What this task involves: Which lines of the material contain the word "hyps"? Show each one.

The records:
lemma finite_quot_of_finite_components:
  assumes Z: "subgrp Z" and B: "finite B"
    and fq: "\<forall>p\<in>B. finite_quot (Y' p) (Z' p)"
    and Z': "\<forall>p\<in>B. 0 \<in> Z' p \<and> Z' p \<subseteq> Z"
    and dec: "\<forall>y\<in>Y. \<exists>w z. w \<in> Z \<and> (\<forall>p\<in>B. z p \<in> Y' p) \<and> y = w + sum z B"
  shows "finite_quot Y Z"
proof -
  have "\<forall>p\<in>B. \<exists>R. finite R \<and> (\<forall>y\<in>Y' p. \<exists>r\<in>R. y - r \<in> Z' p)"
    using fq Z' finite_quot_reps by metis
  then obtain R where R: "\<forall>p\<in>B. finite (R p) \<and> (\<forall>y\<in>Y' p. \<exists>r\<in>R p. y - r \<in> Z' p)"
    by metis
  have "\<exists>r\<in>(\<lambda>g. sum g B) ` PiE B R. y - r \<in> Z" if "y \<in> Y" for y
  proof -
    obtain w z where wz: "w \<in> Z" "\<forall>p\<in>B. z p \<in> Y' p" "y = w + sum z B"
      using dec \<open>y \<in> Y\<close> by blast
    have "\<forall>p\<in>B. \<exists>r\<in>R p. z p - r \<in> Z' p"
      using R wz(2) by blast
    then obtain g where g: "\<forall>p\<in>B. g p \<in> R p \<and> z p - g p \<in> Z' p"
      by metis
    have "y - sum g B = w + sum (\<lambda>p. z p - g p) B"
      using wz(3) by (simp add: sum_subtractf)
    moreover have "sum (\<lambda>p. z p - g p) B \<in> Z"
      using g Z' by (intro subgrp_sum[OF Z]) auto
    ultimately have "y - sum g B \<in> Z"
      using subgrp_add[OF Z wz(1)] by simp
    moreover have "sum g B = sum (restrict g B) B" "restrict g B \<in> PiE B R"
      using g by auto
    ultimately show ?thesis
      by (metis image_eqI)
  qed
  moreover have "finite ((\<lambda>g. sum g B) ` PiE B R)"
    using B R by (intro finite_imageI finite_PiE) auto
  ultimately show ?thesis
    using finite_quotI[OF Z] by blast
qed

lemma finite_if_distinct_cosets:
  assumes fq: "finite_quot Y Z" and "0 \<in> Z" and "g ` P \<subseteq> Y"
    and distinct: "\<And>p q. p \<in> P \<Longrightarrow> q \<in> P \<Longrightarrow> g p - g q \<in> Z \<Longrightarrow> p = q"
  shows "finite P"
proof -
  let ?coset = "\<lambda>p. (\<lambda>x. g p + x) ` Z"
  have "inj_on ?coset P"
  proof (rule inj_onI)
    fix p q
    assume "p \<in> P" "q \<in> P" "?coset p = ?coset q"
    moreover have "g p \<in> ?coset p"
      using \<open>0 \<in> Z\<close> by force
    ultimately obtain x where "x \<in> Z" "g p = g q + x"
      by auto
    then show "p = q"
      using distinct[OF \<open>p \<in> P\<close> \<open>q \<in> P\<close>] by (simp add: algebra_simps)
  qed
  moreover have "?coset ` P \<subseteq> (\<lambda>y. (\<lambda>x. y + x) ` Z) ` Y"
    using assms(3) by blast
  then have "finite (?coset ` P)"
    using fq unfolding finite_quot_def by (rule finite_subset)
  ultimately show ?thesis
    using finite_imageD by blast
qed

section \<open>Inertial endomorphisms\<close>

definition zspan_family :: "nat set \<Rightarrow> (nat \<Rightarrow> 'a::ab_group_add) \<Rightarrow> 'a set" where
  "zspan_family P a = {sum b F | F b. finite F \<and> F \<subseteq> P \<and> (\<forall>r\<in>F. b r \<in> zspan (a r))}"

lemma subgrp_zspan_family: "subgrp (zspan_family P a)"
  unfolding subgrp_def
proof (intro conjI ballI)
  show "0 \<in> zspan_family P a"
    unfolding zspan_family_def by (intro CollectI exI[of _ "{}"]) auto
  fix x y
  assume "x \<in> zspan_family P a" "y \<in> zspan_family P a"
  then obtain F1 b1 F2 b2 where
    x: "x = sum b1 F1" "finite F1" "F1 \<subseteq> P" "\<forall>r\<in>F1. b1 r \<in> zspan (a r)" and
    y: "y = sum b2 F2" "finite F2" "F2 \<subseteq> P" "\<forall>r\<in>F2. b2 r \<in> zspan (a r)"
    unfolding zspan_family_def by blast
  define b where "b r = (if r \<in> F1 then b1 r else 0) - (if r \<in> F2 then b2 r else 0)" for r
  have fin: "finite (F1 \<union> F2)"
    using x y by simp
  have "sum b (F1 \<union> F2) = sum b1 ((F1 \<union> F2) \<inter> F1) - sum b2 ((F1 \<union> F2) \<inter> F2)"
    unfolding b_def sum_subtractf sum.inter_restrict[OF fin] ..
  also have "\<dots> = x - y"
    using x y by (simp add: Int_absorb1)
  finally have "x - y = sum b (F1 \<union> F2)"
    by simp
  moreover have "b r \<in> zspan (a r)" for r
  proof -
    have "(if r \<in> F1 then b1 r else 0) \<in> zspan (a r)" "(if r \<in> F2 then b2 r else 0) \<in> zspan (a r)"
      using x(4) y(4) by auto
    then show ?thesis
      unfolding b_def by (rule subgrp_diff[OF subgrp_zspan])
  qed
  ultimately show "x - y \<in> zspan_family P a"
    unfolding zspan_family_def using fin x(3) y(3) by blast
qed

lemma zspan_family_mem: "p \<in> P \<Longrightarrow> a p \<in> zspan_family P a"
  unfolding zspan_family_def
  by (intro CollectI exI[of _ "{p}"] exI[of _ "\<lambda>_. a p"]) auto

lemma endom_image_in_zspan_family:
  assumes f: "endom f" and x: "x \<in> zspan_family P a"
  shows "f x \<in> zspan_family P (\<lambda>r. f (a r))"
proof -
  obtain F b where F: "x = sum b F" "finite F" "F \<subseteq> P" "\<forall>r\<in>F. b r \<in> zspan (a r)"
    using x unfolding zspan_family_def by blast
  have "f y \<in> zspan (f a)" if "y \<in> zspan a" for y a
    using that by (auto simp: zspan_iff endom_zmul[OF f])
  then have "\<forall>r\<in>F. f (b r) \<in> zspan (f (a r))"
    using F(4) by blast
  moreover have "f x = (\<Sum>r\<in>F. f (b r))"
    using F(1) by (simp add: endom_sum[OF f])
  ultimately show ?thesis
    unfolding zspan_family_def using F(2,3) by blast
qed

lemma coprime_annihilator:
  assumes "finite F" and "\<forall>r\<in>F. prime r \<and> r \<noteq> p \<and> b r \<in> primary r" and "prime p"
  shows "\<exists>N. coprime N (int p) \<and> zmul N (sum b F) = 0"
  using assms(1,2)
proof (induct F rule: finite_induct)
  case empty
  then show ?case
    by (intro exI[of _ 1]) simp
next
  case (insert r F)
  obtain N where N: "coprime N (int p)" "zmul N (sum b F) = 0"
    using insert.hyps(3) insert.prems by blast
  obtain t where t: "pow_kills r t (b r)"
    using insert.prems by (auto simp: primary_iff)
  have "coprime (int r ^ t) (int p)"
    using primes_coprime[of r p] insert.prems assms(3) by simp
  then have "coprime (N * int r ^ t) (int p)"
    using N(1) by simp
  have "zmul (N * int r ^ t) (b r) = 0"
    using t by (simp add: zmul_mult zmul_of_nat_power)
  moreover have "zmul (N * int r ^ t) (sum b F) = 0"
    using N(2) by (simp add: mult.commute[of N] zmul_mult)
  ultimately have "zmul (N * int r ^ t) (sum b (insert r F)) = 0"
    using insert.hyps(1,2) by (simp add: zmul_distrib)
  with \<open>coprime (N * int r ^ t) (int p)\<close> show ?case
    by blast
qed

text \<open>A multiplier prime to \<open>p\<close> kills all other primary components and is invertible on \<open>A\<^sub>p\<close>.\<close>
lemma primary_component_in_zspan:
  assumes a: "\<forall>r\<in>P. prime r \<and> a r \<in> primary r" and x: "x \<in> zspan_family P a"
    and p: "p \<in> P" and q: "prime q" "q \<noteq> p" "e \<in> primary q"
    and c: "c \<in> primary p" "c = x + e"
  shows "c \<in> zspan (a p)"
proof -
  obtain F b where F: "x = sum b F" "finite F" "F \<subseteq> P" "\<forall>r\<in>F. b r \<in> zspan (a r)"
    using x unfolding zspan_family_def by blast
  have b: "\<forall>r\<in>F. prime r \<and> b r \<in> primary r"
    using F(3,4) a zspan_subgrp[OF subgrp_primary] by blast
  define b\<^sub>p where "b\<^sub>p = (if p \<in> F then b p else 0)"
  have "b\<^sub>p \<in> zspan (a p)"
    using F(4) by (simp add: b\<^sub>p_def)
  have c_split: "c = b\<^sub>p + (sum b (F - {p}) + e)"
    using F(1,2) c(2) by (simp add: b\<^sub>p_def sum.remove)
  obtain N where N: "coprime N (int p)" "zmul N (sum b (F - {p})) = 0"
    using coprime_annihilator[of "F - {p}" p b] F(2) b a p by blast
  obtain t where t: "pow_kills q t e"
    using q(3) by (auto simp: primary_iff)
  have "coprime (int q ^ t) (int p)"
    using primes_coprime[of q p] q(1,2) a p by simp
  then have coprime: "coprime (N * int q ^ t) (int p)"
    using N(1) by simp
  have "zmul (N * int q ^ t) e = 0"
    using t by (simp add: zmul_mult zmul_of_nat_power)
  moreover have "zmul (N * int q ^ t) (sum b (F - {p})) = 0"
    using N(2) by (simp add: mult.commute[of N] zmul_mult)
  ultimately have "zmul (N * int q ^ t) c = zmul (N * int q ^ t) b\<^sub>p"
    using c_split by (simp add: zmul_distrib)
  moreover obtain M where "zmul (M * (N * int q ^ t)) c = c"
    using coprime_zmul_inverse[OF _ coprime] c(1) unfolding primary_iff by metis
  ultimately have "c = zmul (M * (N * int q ^ t)) b\<^sub>p"
    by (simp add: zmul_mult)
  then show ?thesis
    using zspan_zmul[OF \<open>b\<^sub>p \<in> zspan (a p)\<close>] by simp
qed

lemma finite_non_multiplication_primes:
  fixes f :: "'a::ab_group_add \<Rightarrow> 'a"
  assumes f: "endom f" and inertial: "inertial f"
  shows "finite {p. prime p \<and> \<not> is_multiplication_on p f}"
proof -
  define P where "P = {p. prime p \<and> \<not> is_multiplication_on p f}"
  have "\<forall>p\<in>P. \<exists>a\<in>primary p. f a \<notin> zspan a"
    using is_multiplication_on_iff[OF _ f] by (auto simp: P_def)
  then obtain a where a: "\<And>p. p \<in> P \<Longrightarrow> a p \<in> primary p \<and> f (a p) \<notin> zspan (a p)"
    by metis
  define X where "X = zspan_family P a"
  have X: "subgrp X"
    unfolding X_def by (rule subgrp_zspan_family)
  have "finite_quot (setsum (f ` X) X) X"
    using inertial X by (simp add: inertial_on_def)
  moreover have "(\<lambda>p. f (a p)) ` P \<subseteq> setsum (f ` X) X"
    using zspan_family_mem[of _ P a] subgrp_0[OF X]
    unfolding setsum_def X_def by force
  moreover have "p = q" if pq: "p \<in> P" "q \<in> P" and "f (a p) - f (a q) \<in> X" for p q
  proof (rule ccontr)
    assume "p \<noteq> q"
    have "\<forall>r\<in>P. prime r \<and> a r \<in> primary r"
      using a by (simp add: P_def)
    then have "f (a p) \<in> zspan (a p)"
      using primary_component_in_zspan[of P a "f (a p) - f (a q)" p q "f (a q)" "f (a p)"]
        \<open>f (a p) - f (a q) \<in> X\<close> pq \<open>p \<noteq> q\<close> a primary_endom[OF f]
      by (auto simp: X_def P_def)
    then show False
      using a[OF pq(1)] by blast
  qed
  ultimately have "finite P"
    by (rule finite_if_distinct_cosets[OF _ subgrp_0[OF X]])
  then show ?thesis
    by (simp add: P_def)
qed

lemma finite_non_inv_multiplication_primes:
  fixes f :: "'a::ab_group_add \<Rightarrow> 'a"
  assumes f: "endom f" and left: "left_inertial f"
  shows "finite {p. prime p \<and> \<not> is_inv_multiplication_on p f}"
proof -
  define P where "P = {p. prime p \<and> \<not> is_inv_multiplication_on p f}"
  have "\<forall>p\<in>P. \<exists>a\<in>primary p. a \<notin> f ` zspan a"
    using is_inv_multiplication_on_iff[OF _ f] by (auto simp: P_def)
  then obtain a where a: "\<And>p. p \<in> P \<Longrightarrow> a p \<in> primary p \<and> a p \<notin> f ` zspan (a p)"
    by metis
  define X where "X = zspan_family P a"
  have X: "subgrp X"
    unfolding X_def by (rule subgrp_zspan_family)
  have Z: "subgrp (X \<inter> f ` X)"
    using subgrp_Int[OF X subgrp_image[OF f X]] .
  have "finite_quot X (X \<inter> f ` X)"
    using left X by (simp add: left_inertial_on_def)
  moreover have "a ` P \<subseteq> X"
    using zspan_family_mem[of _ P a] by (auto simp: X_def)
  moreover have "p = q" if pq: "p \<in> P" "q \<in> P" and "a p - a q \<in> X \<inter> f ` X" for p q
  proof (rule ccontr)
    assume "p \<noteq> q"
    obtain x where x: "x \<in> X" "a p - a q = f x"
      using \<open>a p - a q \<in> X \<inter> f ` X\<close> by blast
    have fa: "\<forall>r\<in>P. prime r \<and> f (a r) \<in> primary r"
      using a primary_endom[OF f] by (simp add: P_def)
    have "f x \<in> zspan_family P (\<lambda>r. f (a r))"
      using endom_image_in_zspan_family[OF f] x(1) by (simp add: X_def)
    moreover have "prime q" "q \<noteq> p" "a q \<in> primary q" "a p \<in> primary p"
      using pq(2) \<open>p \<noteq> q\<close> a[OF pq(1)] a[OF pq(2)] by (simp_all add: P_def)
    moreover have "a p = f x + a q"
      using x(2) by (metis diff_add_cancel)
    ultimately have "a p \<in> zspan (f (a p))"
      by (rule primary_component_in_zspan[OF fa _ pq(1)])
    then show False
      using a[OF pq(1)] in_image_zspan_iff[OF f] by blast
  qed
  ultimately have "finite P"
    by (rule finite_if_distinct_cosets[OF _ subgrp_0[OF Z]])
  then show ?thesis
    by (simp add: P_def)
qed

Exercise solution:
    using insert.hyps(3) insert.prems by blast
    using insert.hyps(1,2) by (simp add: zmul_distrib)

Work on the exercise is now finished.